Index

4: Scots voting no to independence would be an astonishing act of self-harm

Mr Monbiot’s argument on this subject is convincing.

England is dysfunctional, corrupt and vastly unequal. Who on earth would want to be tied to such a country?

Edited extract from Guardian article

Barbara Panvel [email protected]

See the original at: http://www.monbiot.com/2014/09/02/someone-elses-story/

To vote no is to choose to live under a political system that sustains one of the rich world’s highest levels of inequality and deprivation. This is a system in which all major parties are complicit, which offers no obvious exit from a model that privileges neoliberal economics over other aspirations. It treats the natural world, civic life, equality, public health and effective public services as dispensable luxuries, and the freedom of the rich to exploit the poor as non-negotiable.

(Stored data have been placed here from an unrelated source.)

lemma cmod_of_real_add_sq_level:
  fixes x :: complex
  assumes "cmod x * cmod (1 + x) ^ n = K" and "1 + x \<noteq> 0"
  shows "cmod (of_real q + x) ^ 2 = level_shift_sq n q K (cmod (1 + x))"
proof -
  have "cmod x = K / cmod (1 + x) ^ n"
    using assms by (simp add: field_simps)
  then have "cmod x ^ 2 = K ^ 2 / cmod (1 + x) ^ (2 * n)"
    by (simp add: power_divide mult.commute flip: power_mult)
  then show ?thesis
    by (simp add: cmod_of_real_add_sq level_shift_sq_def)
qed

lemma ln_level_weighted_norm:
  fixes x :: complex
  assumes "1 \<le> n" and "0 < K" and "cmod x * cmod (1 + x) ^ n = K" and "of_real q + x \<noteq> 0"
  shows "ln (cmod x * cmod (of_real q + x) powr (real (n + 1) * q - 1))
           = ln K + level_log_profile n q K (cmod (1 + x))"
proof -
  define r where "r = cmod (1 + x)"
  have "1 + x \<noteq> 0"
    using assms by (auto simp: power_0_left)
  then have "0 < r"
    by (simp add: r_def)
  have "cmod x = K / r ^ n"
    using assms(3) \<open>0 < r\<close> by (simp add: r_def field_simps)
  then have ln_x: "ln (cmod x) = ln K - real n * ln r"
    using assms(2) \<open>0 < r\<close> by (simp add: ln_div ln_realpow)
  have "cmod (of_real q + x) ^ 2 = level_shift_sq n q K r"
    unfolding r_def using assms(3) \<open>1 + x \<noteq> 0\<close> by (rule cmod_of_real_add_sq_level)
  then have ln_shift: "ln (cmod (of_real q + x)) = ln (level_shift_sq n q K r) / 2"
    using assms(4) by (simp add: ln_realpow flip: \<open>cmod (of_real q + x) ^ 2 = _\<close>)
  have "0 < cmod x"
    using \<open>cmod x = K / r ^ n\<close> assms(2) \<open>0 < r\<close> by simp
  then show ?thesis
    using assms(4) by (simp add: ln_mult ln_powr ln_x ln_shift level_log_profile_def r_def)
qed

lemma level_weighted_norm_eq_imp_eq_or_cnj:
  fixes u v :: complex
  assumes "1 \<le> n" and "1 < q" and "real n ^ n / real (n + 1) ^ (n + 1) \<le> K"
    and u: "cmod u * cmod (1 + u) ^ n = K" and v: "cmod v * cmod (1 + v) ^ n = K"
    and eq: "cmod u * cmod (of_real q + u) powr (real (n + 1) * q - 1)
           = cmod v * cmod (of_real q + v) powr (real (n + 1) * q - 1)"
  shows "u = v \<or> u = cnj v"
proof -
  have "0 < real n ^ n / real (n + 1) ^ (n + 1)"
    using assms(1) by simp
  with assms(3) have "0 < K"
    by linarith
  then have "u \<noteq> 0" "v \<noteq> 0" "1 + u \<noteq> 0" "1 + v \<noteq> 0"
    using assms(1) u v by (auto simp: power_0_left)
  have "cmod u * cmod (of_real q + u) powr (real (n + 1) * q - 1) = 0
      \<longleftrightarrow> cmod v * cmod (of_real q + v) powr (real (n + 1) * q - 1) = 0"
    by (simp only: eq)
  with \<open>u \<noteq> 0\<close> \<open>v \<noteq> 0\<close> have shift_zero: "of_real q + u = 0 \<longleftrightarrow> of_real q + v = 0"
    by simp
  show ?thesis
  proof (cases "of_real q + v = 0")
    case True
    with shift_zero show ?thesis
      by (simp add: add_eq_0_iff)
  next
    case False
    with shift_zero have "of_real q + u \<noteq> 0" by simp
    have profile_eq:
        "level_log_profile n q K (cmod (1 + u)) = level_log_profile n q K (cmod (1 + v))"
      using ln_level_weighted_norm[OF assms(1) \<open>0 < K\<close> u \<open>of_real q + u \<noteq> 0\<close>]
        ln_level_weighted_norm[OF assms(1) \<open>0 < K\<close> v False] eq by simp
    have "0 < level_shift_sq n q K (cmod (1 + u))"
      using \<open>of_real q + u \<noteq> 0\<close>
      by (simp flip: cmod_of_real_add_sq_level[OF u \<open>1 + u \<noteq> 0\<close>])
    moreover have "0 < level_shift_sq n q K (cmod (1 + v))"
      using False by (simp flip: cmod_of_real_add_sq_level[OF v \<open>1 + v \<noteq> 0\<close>])
    ultimately have norm_eq: "cmod (1 + u) = cmod (1 + v)"
      using inj_onD[OF inj_on_level_log_profile[OF assms(1-3)] profile_eq]
        \<open>1 + u \<noteq> 0\<close> \<open>1 + v \<noteq> 0\<close> by simp
    then have "cmod u * cmod (1 + v) ^ n = cmod v * cmod (1 + v) ^ n"
      using u v by simp
    with \<open>1 + v \<noteq> 0\<close> have "cmod u = cmod v"
      by simp
    with norm_eq show ?thesis
      by (simp add: eq_or_cnj_if_cmod_eq)
  qed
qed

· Its lack of a codified constitution permits numberless abuses of power.

· It has failed to reform the House of Lords, royal prerogative, campaign finance and first-past-the-post voting (another triumph for the no brigade).

· It is dominated by a media owned by tax exiles, who, instructing their editors from their distant chateaux, play the patriotism card at every opportunity.

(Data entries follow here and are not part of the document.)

lemma edge_pos_triangle_iff:
  assumes G: "simple_graph V E" and ori: "edge_orientation E ori"
    and tor: "triangle_orientation V E tor"
    and T: "T \<in> triangles V E" "u \<in> T" "v \<in> T" "u \<noteq> v"
  shows "edge_pos ori tor T {u, v} \<longleftrightarrow> (ori u v \<longleftrightarrow> tor T u v)"
proof -
  have "ori v u \<longleftrightarrow> \<not> ori u v"
    using triangle_edge[OF G T] ori unfolding edge_orientation_def by blast
  moreover have "tor T v u \<longleftrightarrow> \<not> tor T u v"
    using cyclic_orientation_converse_iff[OF cyclic_orientation_triangle[OF tor T(1)]
        card_triangle[OF T(1)] T(2-4)] .
  ultimately show ?thesis
    unfolding edge_pos_def by (auto simp: doubleton_eq_iff)
qed

lemma tri_adj_adjacent:
  assumes G: "simple_graph V E" and ori: "edge_orientation E ori"
    and tor: "triangle_orientation V E tor"
    and T: "T1 \<in> triangles V E" "T2 \<in> triangles V E" "T1 \<noteq> T2"
    and uv: "T1 \<inter> T2 = {u, v}" "u \<noteq> v"
  shows "tri_adj ori tor T1 T2 = (if tor T1 u v \<longleftrightarrow> tor T2 u v then 1 else -1)"
proof -
  have "u \<in> T1" "v \<in> T1" "u \<in> T2" "v \<in> T2" "card (T1 \<inter> T2) = 2"
    using uv by auto
  then have "tri_adj ori tor T1 T2
      = (if (ori u v \<longleftrightarrow> tor T1 u v) \<longleftrightarrow> (ori u v \<longleftrightarrow> tor T2 u v) then 1 else -1)"
    using uv T edge_pos_triangle_iff[OF G ori tor] unfolding tri_adj_def by simp
  moreover have "((ori u v \<longleftrightarrow> tor T1 u v) \<longleftrightarrow> (ori u v \<longleftrightarrow> tor T2 u v))
      \<longleftrightarrow> (tor T1 u v \<longleftrightarrow> tor T2 u v)"
    by blast
  ultimately show ?thesis
    by simp
qed

lemma tri_adj_edge_orientation_indep:
  assumes G: "simple_graph V E"
    and "edge_orientation E ori1" "edge_orientation E ori2"
    and tor: "triangle_orientation V E tor"
    and T: "T1 \<in> triangles V E" "T2 \<in> triangles V E"
  shows "tri_adj ori1 tor T1 T2 = tri_adj ori2 tor T1 T2"
proof (cases "T1 \<noteq> T2 \<and> card (T1 \<inter> T2) = 2")
  case True
  then obtain u v where "T1 \<inter> T2 = {u, v}" "u \<noteq> v"
    by (auto simp: card_2_iff)
  with True show ?thesis
    using tri_adj_adjacent[OF G _ tor T] assms(2,3) by simp
qed (auto simp: tri_adj_def)

definition reversal_sign ::
  "('a set \<Rightarrow> 'a \<Rightarrow> 'a \<Rightarrow> bool) \<Rightarrow> ('a set \<Rightarrow> 'a \<Rightarrow> 'a \<Rightarrow> bool) \<Rightarrow> 'a set \<Rightarrow> int" where
  "reversal_sign tor1 tor2 T = (if tor1 T = tor2 T then 1 else -1)"

lemma tri_adj_reversal:
  assumes G: "simple_graph V E" and ori: "edge_orientation E ori"
    and tor1: "triangle_orientation V E tor1" and tor2: "triangle_orientation V E tor2"
    and T: "T1 \<in> triangles V E" "T2 \<in> triangles V E"
  shows "tri_adj ori tor1 T1 T2
    = reversal_sign tor1 tor2 T1 * tri_adj ori tor2 T1 T2 * reversal_sign tor1 tor2 T2"
proof (cases "T1 \<noteq> T2 \<and> card (T1 \<inter> T2) = 2")
  case True
  then obtain u v where uv: "T1 \<inter> T2 = {u, v}" "u \<noteq> v"
    by (auto simp: card_2_iff)
  have "u \<in> T1" "v \<in> T1" "u \<in> T2" "v \<in> T2"
    using uv by auto
  then have "tor1 Ti u v \<longleftrightarrow> (tor2 Ti u v \<longleftrightarrow> tor1 Ti = tor2 Ti)"
    if "Ti = T1 \<or> Ti = T2" for Ti
    using that T cyclic_orientation_3_iff[OF cyclic_orientation_triangle[OF tor1]
        cyclic_orientation_triangle[OF tor2] card_triangle _ _ uv(2)] by metis
  then show ?thesis
    using True tri_adj_adjacent[OF G ori tor1 T _ uv] tri_adj_adjacent[OF G ori tor2 T _ uv]
    unfolding reversal_sign_def by auto
qed (auto simp: tri_adj_def)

· The concerns of swing voters in marginal constituencies outweigh those of the majority;

· the concerns of corporations with no lasting stake in the country outweigh everything.

Broken, corrupt, dysfunctional, retentive: you want to be part of this?

Independence, as more Scots are beginning to see, offers people an opportunity to rewrite the political rules. To create a written constitution, the very process of which is engaging and transformative. To build an economy of benefit to everyone. To promote cohesion, social justice, the defence of the living planet and an end to wars of choice.

The currency debate

The Scots are told they will have no control over their own currency if they leave the UK. But they have none today. The monetary policy committee is based in London and bows to the banks. The pound’s strength, which damages the manufacturing Scotland seeks to promote, reflects the interests of the City.

To deny yourself independence, to remain subject to the whims of a distant and uncaring elite, to succumb to the bleak, deferential negativity of the no campaign; to accept other people’s myths in place of your own story: that would be an astonishing act of self-repudiation and self-harm. Consider yourselves independent and work backwards from there, then ask why you would sacrifice that freedom.